*DATASET ENTRIES*.

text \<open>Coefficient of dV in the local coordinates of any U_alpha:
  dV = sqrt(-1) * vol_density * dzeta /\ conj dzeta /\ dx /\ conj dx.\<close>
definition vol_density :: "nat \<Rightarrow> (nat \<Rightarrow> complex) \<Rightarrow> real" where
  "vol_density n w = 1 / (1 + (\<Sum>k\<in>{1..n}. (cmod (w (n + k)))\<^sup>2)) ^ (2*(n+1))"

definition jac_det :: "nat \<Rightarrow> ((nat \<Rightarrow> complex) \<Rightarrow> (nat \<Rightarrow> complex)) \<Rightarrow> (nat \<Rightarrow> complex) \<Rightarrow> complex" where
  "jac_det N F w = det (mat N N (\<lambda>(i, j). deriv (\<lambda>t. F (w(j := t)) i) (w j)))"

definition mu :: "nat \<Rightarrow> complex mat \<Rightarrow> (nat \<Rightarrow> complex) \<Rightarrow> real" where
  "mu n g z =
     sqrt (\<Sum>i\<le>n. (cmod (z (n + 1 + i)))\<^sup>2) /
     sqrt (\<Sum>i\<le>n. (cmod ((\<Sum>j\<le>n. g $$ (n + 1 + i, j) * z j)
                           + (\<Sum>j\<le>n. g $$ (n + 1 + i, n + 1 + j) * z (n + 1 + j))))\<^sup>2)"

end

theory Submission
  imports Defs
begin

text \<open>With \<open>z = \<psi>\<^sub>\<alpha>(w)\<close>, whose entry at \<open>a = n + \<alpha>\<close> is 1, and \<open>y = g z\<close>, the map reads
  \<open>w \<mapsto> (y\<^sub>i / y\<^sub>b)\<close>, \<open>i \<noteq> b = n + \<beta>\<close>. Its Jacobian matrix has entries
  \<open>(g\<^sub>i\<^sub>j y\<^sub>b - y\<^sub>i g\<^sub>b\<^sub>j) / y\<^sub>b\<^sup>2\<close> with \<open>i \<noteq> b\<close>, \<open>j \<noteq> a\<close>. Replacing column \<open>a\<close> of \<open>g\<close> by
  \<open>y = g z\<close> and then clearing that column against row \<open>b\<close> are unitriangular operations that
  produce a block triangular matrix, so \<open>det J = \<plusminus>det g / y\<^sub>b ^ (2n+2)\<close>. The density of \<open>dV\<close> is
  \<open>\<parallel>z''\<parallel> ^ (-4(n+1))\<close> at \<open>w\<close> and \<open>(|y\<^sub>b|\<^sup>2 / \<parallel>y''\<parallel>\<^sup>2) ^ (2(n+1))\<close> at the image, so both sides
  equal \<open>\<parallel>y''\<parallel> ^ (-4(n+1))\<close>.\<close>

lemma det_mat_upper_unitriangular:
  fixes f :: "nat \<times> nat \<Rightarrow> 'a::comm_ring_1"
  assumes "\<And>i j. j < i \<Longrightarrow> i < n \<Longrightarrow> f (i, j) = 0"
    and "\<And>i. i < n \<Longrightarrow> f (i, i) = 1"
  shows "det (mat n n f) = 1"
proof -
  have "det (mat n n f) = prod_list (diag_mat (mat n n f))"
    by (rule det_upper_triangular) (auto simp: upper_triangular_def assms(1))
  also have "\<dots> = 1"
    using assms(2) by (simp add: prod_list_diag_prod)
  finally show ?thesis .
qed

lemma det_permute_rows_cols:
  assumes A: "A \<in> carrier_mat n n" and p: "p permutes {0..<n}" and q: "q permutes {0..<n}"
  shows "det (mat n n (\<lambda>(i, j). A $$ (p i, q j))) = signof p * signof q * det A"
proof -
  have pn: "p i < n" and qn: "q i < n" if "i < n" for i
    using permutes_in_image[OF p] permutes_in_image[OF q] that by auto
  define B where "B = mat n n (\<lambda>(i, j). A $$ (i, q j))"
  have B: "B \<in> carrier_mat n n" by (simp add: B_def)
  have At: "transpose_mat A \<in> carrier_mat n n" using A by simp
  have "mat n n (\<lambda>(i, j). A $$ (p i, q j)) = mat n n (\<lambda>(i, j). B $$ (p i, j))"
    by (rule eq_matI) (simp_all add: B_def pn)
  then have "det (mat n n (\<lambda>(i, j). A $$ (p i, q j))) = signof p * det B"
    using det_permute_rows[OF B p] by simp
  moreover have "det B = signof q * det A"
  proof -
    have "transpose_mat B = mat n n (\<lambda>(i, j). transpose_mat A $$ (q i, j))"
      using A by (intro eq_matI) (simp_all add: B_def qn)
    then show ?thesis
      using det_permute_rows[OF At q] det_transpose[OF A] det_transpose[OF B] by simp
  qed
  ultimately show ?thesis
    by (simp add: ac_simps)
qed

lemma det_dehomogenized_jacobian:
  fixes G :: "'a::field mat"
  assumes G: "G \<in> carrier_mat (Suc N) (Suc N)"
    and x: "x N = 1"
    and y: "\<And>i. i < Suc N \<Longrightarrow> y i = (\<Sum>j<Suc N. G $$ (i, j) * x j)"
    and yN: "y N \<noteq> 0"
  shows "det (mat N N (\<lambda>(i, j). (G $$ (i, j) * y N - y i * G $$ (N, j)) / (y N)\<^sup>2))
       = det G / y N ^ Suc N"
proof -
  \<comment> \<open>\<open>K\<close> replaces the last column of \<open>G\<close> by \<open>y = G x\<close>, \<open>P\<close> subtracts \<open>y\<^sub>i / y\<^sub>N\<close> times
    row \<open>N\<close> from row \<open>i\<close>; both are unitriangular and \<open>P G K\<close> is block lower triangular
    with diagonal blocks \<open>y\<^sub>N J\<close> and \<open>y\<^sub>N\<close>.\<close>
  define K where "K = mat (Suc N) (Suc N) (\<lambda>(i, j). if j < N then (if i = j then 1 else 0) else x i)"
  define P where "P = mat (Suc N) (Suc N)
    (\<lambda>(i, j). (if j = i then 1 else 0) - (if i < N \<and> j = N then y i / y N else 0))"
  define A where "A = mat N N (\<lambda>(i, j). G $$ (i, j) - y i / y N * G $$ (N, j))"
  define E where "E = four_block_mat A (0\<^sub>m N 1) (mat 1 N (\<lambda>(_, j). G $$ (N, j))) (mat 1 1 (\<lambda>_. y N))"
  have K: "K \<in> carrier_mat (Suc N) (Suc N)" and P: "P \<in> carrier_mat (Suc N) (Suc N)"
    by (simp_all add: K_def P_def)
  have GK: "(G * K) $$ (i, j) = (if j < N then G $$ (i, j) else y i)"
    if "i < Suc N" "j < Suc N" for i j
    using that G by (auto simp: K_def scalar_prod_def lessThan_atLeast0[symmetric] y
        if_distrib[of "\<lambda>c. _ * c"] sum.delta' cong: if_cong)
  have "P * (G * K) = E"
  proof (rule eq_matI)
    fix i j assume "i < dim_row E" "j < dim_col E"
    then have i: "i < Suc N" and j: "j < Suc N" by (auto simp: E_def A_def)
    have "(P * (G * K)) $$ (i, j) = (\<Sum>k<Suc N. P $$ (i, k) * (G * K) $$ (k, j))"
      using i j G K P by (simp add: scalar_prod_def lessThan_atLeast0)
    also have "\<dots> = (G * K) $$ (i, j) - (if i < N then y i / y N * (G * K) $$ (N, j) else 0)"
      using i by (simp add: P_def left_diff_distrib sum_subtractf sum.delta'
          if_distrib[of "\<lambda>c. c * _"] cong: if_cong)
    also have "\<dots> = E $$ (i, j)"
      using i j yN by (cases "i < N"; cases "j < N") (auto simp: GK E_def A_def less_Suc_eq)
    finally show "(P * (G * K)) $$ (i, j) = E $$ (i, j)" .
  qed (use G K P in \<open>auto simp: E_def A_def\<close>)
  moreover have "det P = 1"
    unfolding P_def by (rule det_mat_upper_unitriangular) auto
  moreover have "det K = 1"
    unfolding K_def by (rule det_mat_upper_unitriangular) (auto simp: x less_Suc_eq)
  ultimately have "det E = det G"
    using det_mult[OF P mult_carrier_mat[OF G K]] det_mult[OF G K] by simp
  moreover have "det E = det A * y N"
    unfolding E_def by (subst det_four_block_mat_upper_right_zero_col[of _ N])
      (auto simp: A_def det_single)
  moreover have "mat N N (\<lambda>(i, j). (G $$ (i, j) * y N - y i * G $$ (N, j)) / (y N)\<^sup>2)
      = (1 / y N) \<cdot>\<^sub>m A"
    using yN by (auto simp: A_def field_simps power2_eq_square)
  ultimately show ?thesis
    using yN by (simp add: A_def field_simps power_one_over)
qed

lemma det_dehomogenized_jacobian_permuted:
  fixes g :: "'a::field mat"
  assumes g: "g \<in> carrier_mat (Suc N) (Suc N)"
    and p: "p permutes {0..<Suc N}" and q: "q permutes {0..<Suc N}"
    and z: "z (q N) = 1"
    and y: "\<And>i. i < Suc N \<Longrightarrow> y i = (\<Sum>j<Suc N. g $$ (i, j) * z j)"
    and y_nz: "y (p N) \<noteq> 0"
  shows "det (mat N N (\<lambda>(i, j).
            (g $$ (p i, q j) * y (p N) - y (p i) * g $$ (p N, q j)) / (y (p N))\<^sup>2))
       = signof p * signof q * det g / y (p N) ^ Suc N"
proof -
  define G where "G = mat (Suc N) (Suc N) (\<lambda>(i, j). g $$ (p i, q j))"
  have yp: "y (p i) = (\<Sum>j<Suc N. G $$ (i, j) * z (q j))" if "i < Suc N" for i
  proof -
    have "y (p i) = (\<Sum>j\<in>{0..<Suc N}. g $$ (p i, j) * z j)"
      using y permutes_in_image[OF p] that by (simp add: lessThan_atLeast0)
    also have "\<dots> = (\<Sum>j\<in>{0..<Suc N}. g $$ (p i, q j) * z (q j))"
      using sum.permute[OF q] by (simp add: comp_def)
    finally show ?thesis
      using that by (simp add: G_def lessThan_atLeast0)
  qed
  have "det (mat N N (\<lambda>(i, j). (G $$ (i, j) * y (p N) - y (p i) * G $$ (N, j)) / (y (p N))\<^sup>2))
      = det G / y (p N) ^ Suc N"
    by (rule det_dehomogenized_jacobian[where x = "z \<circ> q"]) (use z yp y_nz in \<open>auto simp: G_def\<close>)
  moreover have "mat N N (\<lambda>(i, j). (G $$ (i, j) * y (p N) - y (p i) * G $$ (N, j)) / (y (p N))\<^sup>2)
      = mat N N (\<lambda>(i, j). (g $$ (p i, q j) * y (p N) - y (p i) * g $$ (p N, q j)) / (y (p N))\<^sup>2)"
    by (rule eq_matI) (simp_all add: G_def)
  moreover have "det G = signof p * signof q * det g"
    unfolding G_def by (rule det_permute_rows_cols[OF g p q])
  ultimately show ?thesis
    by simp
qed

*WORK INSTRUCTIONS*.
In which lines of the material above does the string "fixes" occur? Copy them all.

*WORKED SOLUTION*.
  fixes f :: "nat \<times> nat \<Rightarrow> 'a::comm_ring_1"
  fixes G :: "'a::field mat"
  fixes g :: "'a::field mat"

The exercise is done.